##### Records for processing #####
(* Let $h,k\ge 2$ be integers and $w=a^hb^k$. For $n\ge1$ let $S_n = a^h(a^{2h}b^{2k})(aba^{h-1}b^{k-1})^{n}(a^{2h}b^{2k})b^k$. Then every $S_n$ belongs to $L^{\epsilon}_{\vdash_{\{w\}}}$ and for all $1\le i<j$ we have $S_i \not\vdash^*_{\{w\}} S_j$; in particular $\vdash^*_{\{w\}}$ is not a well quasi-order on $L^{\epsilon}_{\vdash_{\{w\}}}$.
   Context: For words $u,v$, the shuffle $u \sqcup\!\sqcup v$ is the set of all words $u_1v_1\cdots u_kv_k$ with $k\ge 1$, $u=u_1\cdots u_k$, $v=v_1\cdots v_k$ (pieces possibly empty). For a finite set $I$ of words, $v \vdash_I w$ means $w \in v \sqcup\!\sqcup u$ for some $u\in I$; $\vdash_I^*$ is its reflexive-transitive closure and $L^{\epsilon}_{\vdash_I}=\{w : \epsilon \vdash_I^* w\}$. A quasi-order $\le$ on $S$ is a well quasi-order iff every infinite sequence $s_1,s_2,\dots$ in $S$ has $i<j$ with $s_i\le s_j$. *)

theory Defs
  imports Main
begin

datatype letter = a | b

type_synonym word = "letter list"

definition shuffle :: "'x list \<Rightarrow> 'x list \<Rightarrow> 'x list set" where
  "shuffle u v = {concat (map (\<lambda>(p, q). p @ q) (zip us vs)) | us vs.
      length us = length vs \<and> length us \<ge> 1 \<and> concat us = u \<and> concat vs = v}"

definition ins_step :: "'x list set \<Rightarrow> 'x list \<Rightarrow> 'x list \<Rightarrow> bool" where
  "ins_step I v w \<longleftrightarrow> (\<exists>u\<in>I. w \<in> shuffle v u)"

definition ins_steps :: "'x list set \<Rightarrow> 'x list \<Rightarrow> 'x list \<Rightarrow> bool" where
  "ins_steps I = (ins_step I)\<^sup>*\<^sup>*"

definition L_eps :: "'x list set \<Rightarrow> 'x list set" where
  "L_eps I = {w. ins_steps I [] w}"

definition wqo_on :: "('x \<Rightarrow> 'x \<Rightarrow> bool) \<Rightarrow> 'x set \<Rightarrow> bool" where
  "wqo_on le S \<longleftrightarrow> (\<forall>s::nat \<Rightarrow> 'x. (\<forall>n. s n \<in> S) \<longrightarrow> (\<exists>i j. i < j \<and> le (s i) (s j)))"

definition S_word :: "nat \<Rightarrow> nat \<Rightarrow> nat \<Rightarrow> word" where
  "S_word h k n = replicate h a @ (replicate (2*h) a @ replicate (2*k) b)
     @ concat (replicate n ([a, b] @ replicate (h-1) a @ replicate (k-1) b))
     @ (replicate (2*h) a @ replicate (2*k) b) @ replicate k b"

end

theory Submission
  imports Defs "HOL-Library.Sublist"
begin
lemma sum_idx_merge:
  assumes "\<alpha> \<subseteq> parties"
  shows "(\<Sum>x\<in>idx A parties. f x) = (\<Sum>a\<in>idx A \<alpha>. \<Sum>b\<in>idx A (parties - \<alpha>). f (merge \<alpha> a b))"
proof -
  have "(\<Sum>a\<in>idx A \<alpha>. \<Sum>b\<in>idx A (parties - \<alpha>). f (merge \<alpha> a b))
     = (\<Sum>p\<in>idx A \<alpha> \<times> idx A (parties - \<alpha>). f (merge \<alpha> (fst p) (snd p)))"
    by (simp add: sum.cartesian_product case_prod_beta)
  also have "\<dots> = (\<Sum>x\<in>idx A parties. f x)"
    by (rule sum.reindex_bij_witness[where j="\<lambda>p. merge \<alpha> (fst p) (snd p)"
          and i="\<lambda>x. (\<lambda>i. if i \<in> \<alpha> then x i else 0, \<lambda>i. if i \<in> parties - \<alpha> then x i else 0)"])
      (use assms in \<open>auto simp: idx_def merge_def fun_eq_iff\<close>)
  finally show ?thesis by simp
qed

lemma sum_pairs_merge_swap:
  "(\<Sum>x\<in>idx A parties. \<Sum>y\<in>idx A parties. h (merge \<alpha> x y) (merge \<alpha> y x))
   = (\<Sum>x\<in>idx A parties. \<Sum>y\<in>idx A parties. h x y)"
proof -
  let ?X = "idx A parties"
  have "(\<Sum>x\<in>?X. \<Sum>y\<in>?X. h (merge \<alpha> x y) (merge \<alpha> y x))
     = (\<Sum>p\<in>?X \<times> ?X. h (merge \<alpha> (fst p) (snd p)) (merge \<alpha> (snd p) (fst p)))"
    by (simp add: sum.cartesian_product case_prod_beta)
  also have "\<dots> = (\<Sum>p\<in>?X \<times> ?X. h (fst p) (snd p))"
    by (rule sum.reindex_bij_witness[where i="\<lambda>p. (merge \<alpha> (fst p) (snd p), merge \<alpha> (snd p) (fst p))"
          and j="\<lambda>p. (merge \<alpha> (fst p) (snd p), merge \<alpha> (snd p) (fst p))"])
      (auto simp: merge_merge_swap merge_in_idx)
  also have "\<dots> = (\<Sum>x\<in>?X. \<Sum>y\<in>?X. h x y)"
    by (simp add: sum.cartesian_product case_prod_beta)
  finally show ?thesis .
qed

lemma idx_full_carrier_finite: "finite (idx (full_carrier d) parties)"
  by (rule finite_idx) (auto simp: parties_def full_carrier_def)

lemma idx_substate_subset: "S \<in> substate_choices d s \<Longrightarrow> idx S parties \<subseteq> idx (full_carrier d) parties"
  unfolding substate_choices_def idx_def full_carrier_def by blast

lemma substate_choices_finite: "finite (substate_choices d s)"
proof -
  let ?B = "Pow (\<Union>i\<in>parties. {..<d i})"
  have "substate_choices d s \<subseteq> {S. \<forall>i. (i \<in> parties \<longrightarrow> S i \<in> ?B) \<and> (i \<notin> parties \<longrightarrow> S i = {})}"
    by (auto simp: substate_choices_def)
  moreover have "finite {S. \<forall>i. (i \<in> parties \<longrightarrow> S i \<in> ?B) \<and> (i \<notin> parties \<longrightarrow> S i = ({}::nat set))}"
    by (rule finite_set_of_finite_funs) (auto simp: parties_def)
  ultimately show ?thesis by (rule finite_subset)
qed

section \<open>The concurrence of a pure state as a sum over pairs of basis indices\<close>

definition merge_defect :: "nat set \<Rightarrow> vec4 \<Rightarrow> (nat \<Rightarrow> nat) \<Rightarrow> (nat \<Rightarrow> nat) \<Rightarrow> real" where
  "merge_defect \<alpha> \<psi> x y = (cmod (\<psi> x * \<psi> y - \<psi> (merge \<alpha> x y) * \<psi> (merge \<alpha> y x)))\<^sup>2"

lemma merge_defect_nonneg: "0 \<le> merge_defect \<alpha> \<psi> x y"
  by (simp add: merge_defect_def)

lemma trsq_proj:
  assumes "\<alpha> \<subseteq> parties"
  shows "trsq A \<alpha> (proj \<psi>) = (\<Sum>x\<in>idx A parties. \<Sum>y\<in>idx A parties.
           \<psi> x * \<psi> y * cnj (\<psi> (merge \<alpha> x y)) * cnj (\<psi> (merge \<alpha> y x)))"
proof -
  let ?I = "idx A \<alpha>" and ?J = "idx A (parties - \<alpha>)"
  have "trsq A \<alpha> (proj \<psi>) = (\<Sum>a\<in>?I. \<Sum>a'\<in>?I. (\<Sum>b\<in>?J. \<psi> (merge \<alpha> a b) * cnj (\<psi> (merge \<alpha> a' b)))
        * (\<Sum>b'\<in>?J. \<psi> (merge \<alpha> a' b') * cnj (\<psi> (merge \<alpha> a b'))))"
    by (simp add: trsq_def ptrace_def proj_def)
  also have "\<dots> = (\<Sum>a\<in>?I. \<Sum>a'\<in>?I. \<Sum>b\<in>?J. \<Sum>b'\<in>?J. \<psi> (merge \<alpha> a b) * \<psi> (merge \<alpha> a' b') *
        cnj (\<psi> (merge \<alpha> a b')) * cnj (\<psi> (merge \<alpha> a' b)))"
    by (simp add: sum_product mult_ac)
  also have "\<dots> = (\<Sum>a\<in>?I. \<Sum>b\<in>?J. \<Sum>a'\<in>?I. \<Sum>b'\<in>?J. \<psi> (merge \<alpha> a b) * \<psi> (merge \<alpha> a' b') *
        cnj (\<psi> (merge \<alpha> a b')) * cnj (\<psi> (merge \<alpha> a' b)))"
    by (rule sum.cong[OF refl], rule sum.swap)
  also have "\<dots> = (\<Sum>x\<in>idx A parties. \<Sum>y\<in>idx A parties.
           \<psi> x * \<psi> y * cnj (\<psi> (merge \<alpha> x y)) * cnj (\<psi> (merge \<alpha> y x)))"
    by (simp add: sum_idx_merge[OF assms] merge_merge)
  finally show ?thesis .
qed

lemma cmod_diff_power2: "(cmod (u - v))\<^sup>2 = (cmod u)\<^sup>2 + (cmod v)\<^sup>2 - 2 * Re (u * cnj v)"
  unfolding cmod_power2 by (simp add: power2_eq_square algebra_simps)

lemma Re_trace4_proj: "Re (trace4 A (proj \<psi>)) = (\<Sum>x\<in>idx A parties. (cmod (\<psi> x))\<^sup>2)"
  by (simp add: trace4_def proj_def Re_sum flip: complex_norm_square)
#####
*Exercise details*.
In the data above, retype exactly and only the lines between the one holding "by (simp add: trsq_def" and the one holding "(u - v))\<^sup>2", inclusive.

*Solved exercise*.
    by (simp add: trsq_def ptrace_def proj_def)
  also have "\<dots> = (\<Sum>a\<in>?I. \<Sum>a'\<in>?I. \<Sum>b\<in>?J. \<Sum>b'\<in>?J. \<psi> (merge \<alpha> a b) * \<psi> (merge \<alpha> a' b') *
        cnj (\<psi> (merge \<alpha> a b')) * cnj (\<psi> (merge \<alpha> a' b)))"
    by (simp add: sum_product mult_ac)
  also have "\<dots> = (\<Sum>a\<in>?I. \<Sum>b\<in>?J. \<Sum>a'\<in>?I. \<Sum>b'\<in>?J. \<psi> (merge \<alpha> a b) * \<psi> (merge \<alpha> a' b') *
        cnj (\<psi> (merge \<alpha> a b')) * cnj (\<psi> (merge \<alpha> a' b)))"
    by (rule sum.cong[OF refl], rule sum.swap)
  also have "\<dots> = (\<Sum>x\<in>idx A parties. \<Sum>y\<in>idx A parties.
           \<psi> x * \<psi> y * cnj (\<psi> (merge \<alpha> x y)) * cnj (\<psi> (merge \<alpha> y x)))"
    by (simp add: sum_idx_merge[OF assms] merge_merge)
  finally show ?thesis .
qed

lemma cmod_diff_power2: "(cmod (u - v))\<^sup>2 = (cmod u)\<^sup>2 + (cmod v)\<^sup>2 - 2 * Re (u * cnj v)"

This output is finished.